(DATA EXTRACT Opens)
(* Let $n\ge 2$ and let $\Delta^c(SD_{8n})$ be the conjugacy super commuting graph of the semidihedral group $SD_{8n}$. (i) If $n$ is odd, the Sombor spectrum of $\Delta^c(SD_{8n})$ consists of $-(8n-1)\sqrt2$ with multiplicity $3$, $-(4n-1)\sqrt2$ with multiplicity $4n-5$, $-(4n+3)\sqrt2$ with multiplicity $4n-1$, and the three roots (with multiplicity) of \[\big(x-3(8n-1)\sqrt2\big)\big(x-(4n-1)(4n-5)\sqrt2\big)\big(x-(4n-1)(4n+3)\sqrt2\big)-32(n-1)(40n^2-12n+1)\big(x-(4n-1)(4n+3)\sqrt2\big)-32n(40n^2+4n+5)\big(x-(4n-5)(4n-1)\sqrt2\big).\] (ii) If $n$ is even, the Sombor spectrum of $\Delta^c(SD_{8n})$ consists of $-(2n+1)\sqrt2$ with multiplicity $4n-2$, $-(4n-1)\sqrt2$ with multiplicity $4n-3$, $-(8n-1)\sqrt2$ with multiplicity $1$, and the four roots (with multiplicity) of \[\big(x-(8n-1)\sqrt2\big)\big(x-(4n-1)(4n-3)\sqrt2\big)\big(x-(2n-1)(2n+1)\sqrt2\big)^2-8(2n-1)(40n^2-12n+1)\big(x-(2n-1)(2n+1)\sqrt2\big)^2-16n(34n^2-6n+1)\big(x-(4n-3)(4n-1)\sqrt2\big)\big(x-(2n-1)(2n+1)\sqrt2\big).\]
   Context: For a finite simple graph $\Gamma$ with vertices $u_1,\dots,u_N$, the Sombor matrix $S(\Gamma)$ has $(i,j)$ entry $\sqrt{\deg(u_i)^2+\deg(u_j)^2}$ if $u_i,u_j$ are adjacent and $0$ otherwise; the Sombor spectrum is the multiset of its eigenvalues. $SD_{8n}=\langle a,b: a^{4n}=b^2=e,\ ba=a^{2n-1}b\rangle$. The conjugacy super commuting graph $\Delta^c(G)$ has vertex set $G$, and distinct $g,h$ are adjacent iff $g,h$ are conjugate in $G$ or there exist distinct $g'$ conjugate to $g$ and $h'$ conjugate to $h$ with $g'h'=h'g'$. *)

theory Defs
  imports "Jordan_Normal_Form.Determinant" "Jordan_Normal_Form.Char_Poly"
    "HOL-Computational_Algebra.Polynomial" "HOL-Library.Product_Lexorder"
begin

text \<open>Element (i,j) with i < 4n, j < 2 represents the normal form a^i b^j.
  Using b a = a^(2n-1) b (so b a^k = a^(k(2n-1)) b) one gets
  (a^i b^j)(a^k b^l) = a^(i + k (2n-1)^j) b^(j+l).\<close>

definition sd_carrier :: "nat \<Rightarrow> (nat \<times> nat) set" where
  "sd_carrier n = {0..<4*n} \<times> {0..<2}"

definition sd_mult :: "nat \<Rightarrow> nat \<times> nat \<Rightarrow> nat \<times> nat \<Rightarrow> nat \<times> nat" where
  "sd_mult n g h = ((fst g + fst h * (2*n - 1) ^ snd g) mod (4*n),
                    (snd g + snd h) mod 2)"

definition sd_conj :: "nat \<Rightarrow> nat \<times> nat \<Rightarrow> nat \<times> nat \<Rightarrow> bool" where
  "sd_conj n g h \<longleftrightarrow> (\<exists>x\<in>sd_carrier n. sd_mult n h x = sd_mult n x g)"

definition sd_csc_adj :: "nat \<Rightarrow> nat \<times> nat \<Rightarrow> nat \<times> nat \<Rightarrow> bool" where
  "sd_csc_adj n g h \<longleftrightarrow> g \<in> sd_carrier n \<and> h \<in> sd_carrier n \<and> g \<noteq> h \<and>
     (sd_conj n g h \<or>
      (\<exists>g'\<in>sd_carrier n. \<exists>h'\<in>sd_carrier n. g' \<noteq> h' \<and> sd_conj n g g' \<and> sd_conj n h h'
           \<and> sd_mult n g' h' = sd_mult n h' g'))"

text \<open>A graph is given by a list of its (distinct) vertices u_1..u_N and an adjacency relation.\<close>
definition graph_deg :: "'v list \<Rightarrow> ('v \<Rightarrow> 'v \<Rightarrow> bool) \<Rightarrow> 'v \<Rightarrow> nat" where
  "graph_deg vs adj v = card {w \<in> set vs. adj v w}"

definition sombor_matrix :: "'v list \<Rightarrow> ('v \<Rightarrow> 'v \<Rightarrow> bool) \<Rightarrow> real mat" where
  "sombor_matrix vs adj = mat (length vs) (length vs)
     (\<lambda>(i,j). if adj (vs!i) (vs!j)
              then sqrt ((real (graph_deg vs adj (vs!i)))^2 + (real (graph_deg vs adj (vs!j)))^2)
              else 0)"

definition sombor_spectrum :: "'v list \<Rightarrow> ('v \<Rightarrow> 'v \<Rightarrow> bool) \<Rightarrow> complex multiset" where
  "sombor_spectrum vs adj = proots (map_poly complex_of_real (char_poly (sombor_matrix vs adj)))"

definition csc_SD_vertices :: "nat \<Rightarrow> (nat \<times> nat) list" where
  "csc_SD_vertices n = sorted_list_of_set (sd_carrier n)"

end

theory Submission
  imports Defs
begin

(* A vertex of the conjugacy super commuting graph of SD_8n is adjacent to every other vertex if
   it is central, and otherwise exactly to the central vertices and to the vertices of its own
   block: the non-central rotations, or the reflections a^i b (for even n split by the parity of
   i). Hence the Sombor matrix M has zero diagonal and is constant on blocks. Writing x I - M as a
   diagonal matrix minus a matrix of rank equal to the number of blocks, the matrix determinant
   lemma shows that the spectrum consists of -w_t with multiplicity |block t| - 1, where w_t is
   the Sombor weight inside block t, together with the eigenvalues of the 3 x 3 (odd n) or 4 x 4
   (even n) quotient matrix. The quotient matrix is an arrowhead matrix, and its characteristic
   polynomial is the stated cubic or quartic. *)

(* Both products below equal the block matrix [[A, U], [V, 1]]. *)
lemma det_minus_mult_eq:
  fixes A :: "'a::field mat"
  assumes A: "A \<in> carrier_mat N N" and U: "U \<in> carrier_mat N k" and V: "V \<in> carrier_mat k N"
    and B: "B \<in> carrier_mat N k" and AB: "A * B = U"
  shows "det (A - U * V) = det A * det (1\<^sub>m k - V * B)"
proof -
  let ?L1 = "four_block_mat (A - U * V) U (0\<^sub>m k N) (1\<^sub>m k)"
  let ?R1 = "four_block_mat (1\<^sub>m N) (0\<^sub>m N k) V (1\<^sub>m k)"
  let ?L2 = "four_block_mat A (0\<^sub>m N k) V (1\<^sub>m k - V * B)"
  let ?R2 = "four_block_mat (1\<^sub>m N) B (0\<^sub>m k N) (1\<^sub>m k)"
  have UV: "U * V \<in> carrier_mat N N" and VB: "V * B \<in> carrier_mat k k"
    and AUV: "A - U * V \<in> carrier_mat N N" and IVB: "1\<^sub>m k - V * B \<in> carrier_mat k k"
    using A U V B by auto
  have "(A - U * V) * 1\<^sub>m N + U * V = A"
    using A UV by (intro eq_matI) (auto simp del: index_mult_mat)
  moreover have "V * B + (1\<^sub>m k - V * B) * 1\<^sub>m k = 1\<^sub>m k"
    using VB by (intro eq_matI) (auto simp del: index_mult_mat)
  ultimately have "?L1 * ?R1 = ?L2 * ?R2"
    using A U V B AB
    by (simp add: mult_four_block_mat[OF AUV U zero_carrier_mat one_carrier_mat
          one_carrier_mat zero_carrier_mat V one_carrier_mat]
        mult_four_block_mat[OF A zero_carrier_mat V IVB one_carrier_mat B zero_carrier_mat one_carrier_mat])
  moreover have "det (?L1 * ?R1) = det (A - U * V)"
    using A U V AUV
    by (subst det_mult[of _ "N + k"])
      (auto simp: det_four_block_mat_lower_left_zero[of _ N _ k] det_four_block_mat_upper_right_zero[of _ N _ k])
  moreover have "det (?L2 * ?R2) = det A * det (1\<^sub>m k - V * B)"
    using A B V IVB
    by (subst det_mult[of _ "N + k"])
      (auto simp: det_four_block_mat_lower_left_zero[of _ N _ k] det_four_block_mat_upper_right_zero[of _ N _ k])
  ultimately show ?thesis by simp
qed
(DATA EXTRACT Closes)
Say how many lines of these records hold the string "longleftrightarrow", giving the number and no other words.

▸ FINISHED EXERCISE:
2